Good Debt and Bad Debt

People often say that ALL debt is bad debt and that you should never have debt. This may seem like a sensible thing to say. However, the reality is that most of us will have to take out some form of debt in our lives. Most consumers don’t have large piles of money lying around to make large purchases such as homes or vehicles. Similarly, most entrepreneurs or small business don’t have piles of cash to fund their business or acquire assets or pay staff. Debt is required in these circumstances. Some of these debts can be good debt.

The other argument is that there are two types of debt one can take, good debt or bad debt. Now, there are no distinct rules as to whether a debt is good or bad. The principles outlined below will help you to decide which category your current or future debt falls under.

What are “Good” debts?

It’s easier to start with good debt. Debt that is used to create value is known as good debt. A business might need a loan to buy equipment, a premises or other assets which allow them to start making money. A consumer may need to buy a vehicle in order to get to and from work, which allows them to make money. Owning a home can create value and most homes are bought with a bond. It normally takes 20-25 years to pay off a bond. Homeowners generally realise an increase in property value or can now rent it out for extra income.

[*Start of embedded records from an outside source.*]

lemma next_vertex_in_V:
  assumes "v \<in> V n" "v \<noteq> base"
  shows "next_vertex n v \<in> V n"
proof -
  obtain i s where v: "v = (i, s)" "1 \<le> i" "i \<le> n" "s < lens n i"
    using V_nonbaseE[OF assms] by metis
  then have "next_vertex n v \<in> set (cyc (lens n i) i)" by (simp add: next_vertex_def)
  with closed_walk_cyc[OF v(2,3)] show ?thesis by (auto simp: closed_walk_def)
qed

lemma phi_base [simp]: "phi n base = base"
  by (simp add: phi_def)

lemma phi_nth_cyc:
  assumes "1 \<le> j" "s \<le> lens (Suc m) j"
  shows "phi m (cyc (lens (Suc m) j) j ! s) = Ppath (lens m) m j ! s"
proof -
  let ?P = "Ppath (lens m) m j"
  have "?P \<noteq> []" "hd ?P = base" "last ?P = base"
    using closed_walk_Ppath[of m j] by (auto simp: closed_walk_def closed_path_def)
  with assms show ?thesis
    by (auto simp: nth_cyc phi_def base_def hd_conv_nth last_conv_nth)
qed

lemma phi_in_V:
  assumes "v \<in> V (Suc n)"
  shows "phi n v \<in> V n"
proof (cases "v = base")
  case False
  then obtain i s where v: "v = (i, s)" "s < lens (Suc n) i"
    using V_nonbaseE[OF assms] by metis
  with False have "phi n v \<in> set (Ppath (lens n) n i)" by (simp add: phi_def)
  then show ?thesis using closed_walk_Ppath[of n i] by (auto simp: closed_walk_def)
qed simp

lemma phi_next_vertex_edge:
  assumes "v \<in> V (Suc n)" "v \<noteq> base"
  shows "(phi n v, phi n (next_vertex (Suc n) v)) \<in> E n"
proof -
  obtain i s where v: "v = (i, s)" "1 \<le> i" "s < lens (Suc n) i"
    using V_nonbaseE[OF assms] by metis
  let ?P = "Ppath (lens n) n i"
  have "phi n v = ?P ! s" using v assms(2) by (simp add: phi_def)
  moreover have "phi n (next_vertex (Suc n) v) = ?P ! Suc s"
    using v phi_nth_cyc[of i "Suc s" n] by (simp add: next_vertex_def)
  moreover have "Suc s < length ?P" using v by simp
  ultimately show ?thesis
    using closed_walk_Ppath[of n i] by (auto simp: closed_walk_def successively_conv_nth)
qed
definition sumset :: "int set \<Rightarrow> int set \<Rightarrow> int set" where
  "sumset X Y = {(x + y) mod p | x y. x \<in> X \<and> y \<in> Y}"

lemma sumset_subset: "sumset X Y \<subseteq> {0..<p}"
  unfolding sumset_def using p_pos by (smt (verit) atLeastLessThan_iff mem_Collect_eq pos_mod_bound pos_mod_sign subsetI)

lemma sumset_singleton: "sumset X {y} = (\<lambda>x. (x + y) mod p) ` X"
  unfolding sumset_def by blast

lemma sumset_residues:
  assumes "y \<in> Y"
  shows "sumset {0..<p} Y = {0..<p}"
proof
  show "{0..<p} \<subseteq> sumset {0..<p} Y"
  proof
    fix z assume "z \<in> {0..<p}"
    then have "z = ((z - y) mod p + y) mod p"
      by (simp add: mod_add_left_eq)
    moreover have "(z - y) mod p \<in> {0..<p}"
      using p_pos by simp
    ultimately show "z \<in> sumset {0..<p} Y"
      using assms unfolding sumset_def by blast
  qed
qed (rule sumset_subset)

lemma shift_closed_eq_residues:
  assumes "X \<subseteq> {0..<p}" and "x\<^sub>0 \<in> X" and "\<not> p dvd d"
    and closed: "\<And>x. x \<in> X \<Longrightarrow> (x + d) mod p \<in> X"
  shows "X = {0..<p}"
proof
  have multiples: "(d * int k + x\<^sub>0) mod p \<in> X" for k :: nat
  proof (induction k)
    case 0
    then show ?case
      using assms(1,2) by auto
  next
    case (Suc k)
    have "((d * int k + x\<^sub>0) mod p + d) mod p = (d * int k + x\<^sub>0 + d) mod p"
      by (rule mod_add_left_eq)
    also have "d * int k + x\<^sub>0 + d = d * int (Suc k) + x\<^sub>0"
      by (simp add: algebra_simps)
    finally have "((d * int k + x\<^sub>0) mod p + d) mod p = (d * int (Suc k) + x\<^sub>0) mod p" .
    then show ?case
      using closed[OF Suc] by simp
  qed
  show "{0..<p} \<subseteq> X"
  proof
    fix z assume "z \<in> {0..<p}"
    then obtain k where "k \<in> {0..<p}" and z: "z = (d * k + x\<^sub>0) mod p"
      using bij_betw_affine_mod[OF assms(3), of x\<^sub>0] unfolding bij_betw_def by blast
    then have "k = int (nat k)"
      by simp
    then show "z \<in> X"
      using multiples[of "nat k"] z by simp
  qed
qed (fact assms(1))

lemma dyson_transform:
  fixes e :: int
  assumes "X \<subseteq> {0..<p}" and "Y \<subseteq> {0..<p}"
  defines "X' \<equiv> X \<union> (\<lambda>y. (y + e) mod p) ` Y" and "Y' \<equiv> {y\<in>Y. (y + e) mod p \<in> X}"
  shows "card X' + card Y' = card X + card Y" and "sumset X' Y' \<subseteq> sumset X Y"
proof -
  let ?shift = "\<lambda>y. (y + e) mod p"
  have "finite X" "finite (?shift ` Y)"
    using assms(1,2) finite_subset by blast+
  then have "card X' + card (X \<inter> ?shift ` Y) = card X + card (?shift ` Y)"
    unfolding X'_def by (rule card_Un_Int[symmetric])
  moreover have "X \<inter> ?shift ` Y = ?shift ` Y'"
    unfolding Y'_def by auto
  moreover have "Y' \<subseteq> {0..<p}"
    using assms(2) unfolding Y'_def by auto
  ultimately show "card X' + card Y' = card X + card Y"
    using card_shift_mod assms(2) by simp
  show "sumset X' Y' \<subseteq> sumset X Y"
  proof
    fix z assume "z \<in> sumset X' Y'"
    then obtain x y where z: "z = (x + y) mod p" and x: "x \<in> X'" and y: "y \<in> Y'"
      unfolding sumset_def by blast
    show "z \<in> sumset X Y"
    proof (cases "x \<in> X")
      case True
      then show ?thesis
        using z y unfolding Y'_def sumset_def by blast
    next
      case False
      then obtain w where "w \<in> Y" and "x = (w + e) mod p"
        using x unfolding X'_def by blast
      \<comment> \<open>swap roles: \<open>(w + e) + y = (y + e) + w\<close>, and \<open>y + e\<close> lies in \<open>X\<close>\<close>
      moreover have "z = ((y + e) mod p + w) mod p"
        using z \<open>x = (w + e) mod p\<close> by (simp add: mod_add_left_eq mod_add_right_eq algebra_simps)
      moreover have "(y + e) mod p \<in> X"
        using y unfolding Y'_def by blast
      ultimately show ?thesis
        unfolding sumset_def by blast
    qed
  qed
qed

lemma sumset_eq_residues_if_rigid:
  assumes "X \<subseteq> {0..<p}" and "X \<noteq> {}" and "Y \<subseteq> {0..<p}"
    and "y\<^sub>0 \<in> Y" and "y\<^sub>1 \<in> Y" and "y\<^sub>0 \<noteq> y\<^sub>1"
    and rigid: "\<And>e. {y\<in>Y. (y + e) mod p \<in> X} \<in> {{}, Y}"
  shows "sumset X Y = {0..<p}"
proof -
  \<comment> \<open>every translate of \<open>Y\<close> meeting \<open>X\<close> lies in \<open>X\<close>, so \<open>X\<close> is invariant under \<open>y\<^sub>1 - y\<^sub>0\<close>\<close>
  have closed: "(x + (y\<^sub>1 - y\<^sub>0)) mod p \<in> X" if "x \<in> X" for x
  proof -
    define e where "e = (x - y\<^sub>0) mod p"
    have "(y\<^sub>0 + e) mod p = x"
      unfolding e_def using that assms(1) by (auto simp: mod_add_right_eq)
    then have "{y\<in>Y. (y + e) mod p \<in> X} = Y"
      using rigid[of e] assms(4) that by blast
    then have "(y\<^sub>1 + e) mod p \<in> X"
      using assms(5) by blast
    moreover have "(y\<^sub>1 + e) mod p = (x + (y\<^sub>1 - y\<^sub>0)) mod p"
      unfolding e_def by (simp add: mod_add_right_eq algebra_simps)
    ultimately show ?thesis
      by simp
  qed
  have "\<not> p dvd (y\<^sub>1 - y\<^sub>0)"
    using assms(3-6) by (metis (no_types, lifting) atLeastLessThan_iff mod_eq_dvd_iff mod_pos_pos_trivial subsetD)
  then have "X = {0..<p}"
    using assms(1,2) shift_closed_eq_residues closed by blast
  then show ?thesis
    using sumset_residues[OF assms(4)] by simp
qed
(* Let $V=\{(x_1,x_2,y_1,y_2)\in\mathbb{R}^4: X\neq0,\ Y\neq 0\}$. For every choice of polynomials $P_1,\dots,P_4\in\mathbb{Q}[x_1,x_2,y_1,y_2]$ and every variable $\xi\in\{x_1,x_2,y_1,y_2\}$ there exist polynomials $Q_1,\dots,Q_4\in\mathbb{Q}[x_1,x_2,y_1,y_2]$ such that $\frac{\partial}{\partial\xi}H_{Q_1,\dots,Q_4}=H_{P_1,\dots,P_4}$ on $V$.
   Context: For $(x_1,x_2,y_1,y_2)\in\mathbb{R}^4$ set $X=x_1-y_1$ and $Y=x_2-y_2$. For polynomials $P_1,\dots,P_4$ define on $V$ $$H_{P_1,\dots,P_4}=P_1\ln(X^2+Y^2)+P_2\arctan\!\Big(\frac XY\Big)+P_3\arctan\!\Big(\frac YX\Big)+P_4.$$ *)

theory Defs
  imports "HOL-Analysis.Analysis"
begin

text \<open>A polynomial in
  Q[x1,x2,y1,y2] is represented by its coefficient function on exponent
  tuples (a,b,c,d) (monomial x1^a x2^b y1^c y2^d), required to have finite support.\<close>

type_synonym pt4 = "real \<times> real \<times> real \<times> real"
type_synonym qpoly4 = "nat \<times> nat \<times> nat \<times> nat \<Rightarrow> rat"

definition is_qpoly4 :: "qpoly4 \<Rightarrow> bool" where
  "is_qpoly4 c \<longleftrightarrow> finite {m. c m \<noteq> 0}"

definition peval4 :: "qpoly4 \<Rightarrow> pt4 \<Rightarrow> real" where
  "peval4 c p = (case p of (x1, x2, y1, y2) \<Rightarrow>
     (\<Sum>m\<in>{m. c m \<noteq> 0}. case m of (a, b, e, d) \<Rightarrow>
        real_of_rat (c m) * x1 ^ a * x2 ^ b * y1 ^ e * y2 ^ d))"

definition bigX :: "pt4 \<Rightarrow> real" where
  "bigX p = (case p of (x1, x2, y1, y2) \<Rightarrow> x1 - y1)"

definition bigY :: "pt4 \<Rightarrow> real" where
  "bigY p = (case p of (x1, x2, y1, y2) \<Rightarrow> x2 - y2)"

definition setV :: "pt4 set" where
  "setV = {p. bigX p \<noteq> 0 \<and> bigY p \<noteq> 0}"

definition Hfun :: "qpoly4 \<Rightarrow> qpoly4 \<Rightarrow> qpoly4 \<Rightarrow> qpoly4 \<Rightarrow> pt4 \<Rightarrow> real" where
  "Hfun P1 P2 P3 P4 p =
     peval4 P1 p * ln ((bigX p)\<^sup>2 + (bigY p)\<^sup>2)
   + peval4 P2 p * arctan (bigX p / bigY p)
   + peval4 P3 p * arctan (bigY p / bigX p)
   + peval4 P4 p"

definition coord :: "nat \<Rightarrow> pt4 \<Rightarrow> real" where
  "coord k p = (case p of (x1, x2, y1, y2) \<Rightarrow>
     (if k = 0 then x1 else if k = 1 then x2 else if k = 2 then y1 else y2))"

definition setc :: "nat \<Rightarrow> real \<Rightarrow> pt4 \<Rightarrow> pt4" where
  "setc k t p = (case p of (x1, x2, y1, y2) \<Rightarrow>
     (if k = 0 then (t, x2, y1, y2) else if k = 1 then (x1, t, y1, y2)
      else if k = 2 then (x1, x2, t, y2) else (x1, x2, y1, t)))"

end

theory Submission
  imports Defs
begin

(* Write the chosen coordinate as U + Z, where U is the one of X, Y, -X, -Y that contains it,
   Z is the coordinate paired with it, and W is the other difference; Z and W do not depend on
   the chosen coordinate and U^2 + W^2 = X^2 + Y^2.  Expanding monomials binomially in U + Z, it
   suffices to integrate U^n F for F among ln (U^2 + W^2), arctan (U/W), arctan (W/U) and 1.
   Integrating by parts against U^(n+1) reduces this to the rational functions W U^m / (U^2 + W^2)
   and U^(m+1) / (U^2 + W^2): for m = 0 their primitives are arctan (U/W) and ln (U^2 + W^2) / 2,
   and U^(m+2) / (U^2 + W^2) = U^m - W (W U^m / (U^2 + W^2)) gives the induction step.  Only the
   rational constants 1/(n+1) and 1/2 are ever introduced, so the coefficients stay in Q. *)

definition monom4 :: "nat \<times> nat \<times> nat \<times> nat \<Rightarrow> pt4 \<Rightarrow> real" where
  "monom4 m p = (case m of (a, b, c, d) \<Rightarrow>
     coord 0 p ^ a * coord 1 p ^ b * coord 2 p ^ c * coord 3 p ^ d)"

lemma monom4_add: "monom4 (m + n) p = monom4 m p * monom4 n p"
  by (cases m; cases n) (simp add: monom4_def power_add mult_ac)

lemma peval4_eq_sum_monom4:
  "peval4 c p = (\<Sum>m | c m \<noteq> 0. real_of_rat (c m) * monom4 m p)"
  by (cases p) (auto simp: peval4_def monom4_def coord_def intro!: sum.cong)

(* A finite family of monomials with rational coefficients; unlike is_qpoly4 no support
   condition is imposed, which makes closure under sums and products easy. *)
definition rpoly4 :: "(pt4 \<Rightarrow> real) \<Rightarrow> bool" where
  "rpoly4 f \<longleftrightarrow> (\<exists>S r. finite S \<and> f = (\<lambda>p. \<Sum>m\<in>S. real_of_rat (r m) * monom4 m p))"

lemma rpoly4_imp_peval4:
  assumes "rpoly4 f"
  obtains c where "is_qpoly4 c" "peval4 c = f"
proof -
  obtain S r where S: "finite S" and f: "f = (\<lambda>p. \<Sum>m\<in>S. real_of_rat (r m) * monom4 m p)"
    using assms unfolding rpoly4_def by blast
  define c where "c m = (if m \<in> S then r m else 0)" for m
  have supp: "{m. c m \<noteq> 0} \<subseteq> S"
    by (auto simp: c_def)
  have "peval4 c p = f p" for p
  proof -
    have "peval4 c p = (\<Sum>m\<in>S. real_of_rat (c m) * monom4 m p)"
      unfolding peval4_eq_sum_monom4 by (rule sum.mono_neutral_left[OF S supp]) auto
    then show ?thesis
      by (simp add: f c_def)
  qed
  moreover have "is_qpoly4 c"
    using finite_subset[OF supp S] by (simp add: is_qpoly4_def)
  ultimately show ?thesis
    using that by blast
qed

Some people take out loans to invest in other companies, which they believe will increase in value. The intention of these debts is to increase and create extra value. There are always risks associated with these loans. The business could fail, tenants may not pay their rent or you may have an accident and not have comprehensive insurance on your car.

What are “Bad” debts?

The more common debt category is that of the bad debt. Unnecessary shopping or luxurious purchases are the most common types of bad debt. These debts add no value. They may make you feel nice and happy for a bit, but essentially, they cost you lots of money. Taking out a loan to buy new clothes, or a new TV, or to go on a holiday may not be a good idea. Items bought with a loan actually cost you more than the item itself after the fees and interest of that loan. It is possible to sell the clothes or the TV but it will be for less value than you paid for it and you would have made a loss.

What can you do if you have a lot of bad debt?

Try avoiding using debt for day-to day expenses and try to budget. Budgeting will help you afford the lifestyle your salary allows and can help you to save. Instead of buying something with a loan or on credit, try saving up for a few months. After a period of time you may be able to afford the item using cash.

If you already have too much debt and have fallen into the bad debt trap, contact a debt counsellor who can help you to reduce your debt payments and save you money. Debt counsellors offer a range of debt services based on your financial situation and they can help you to make the wise choice and get debt free as fast as possible.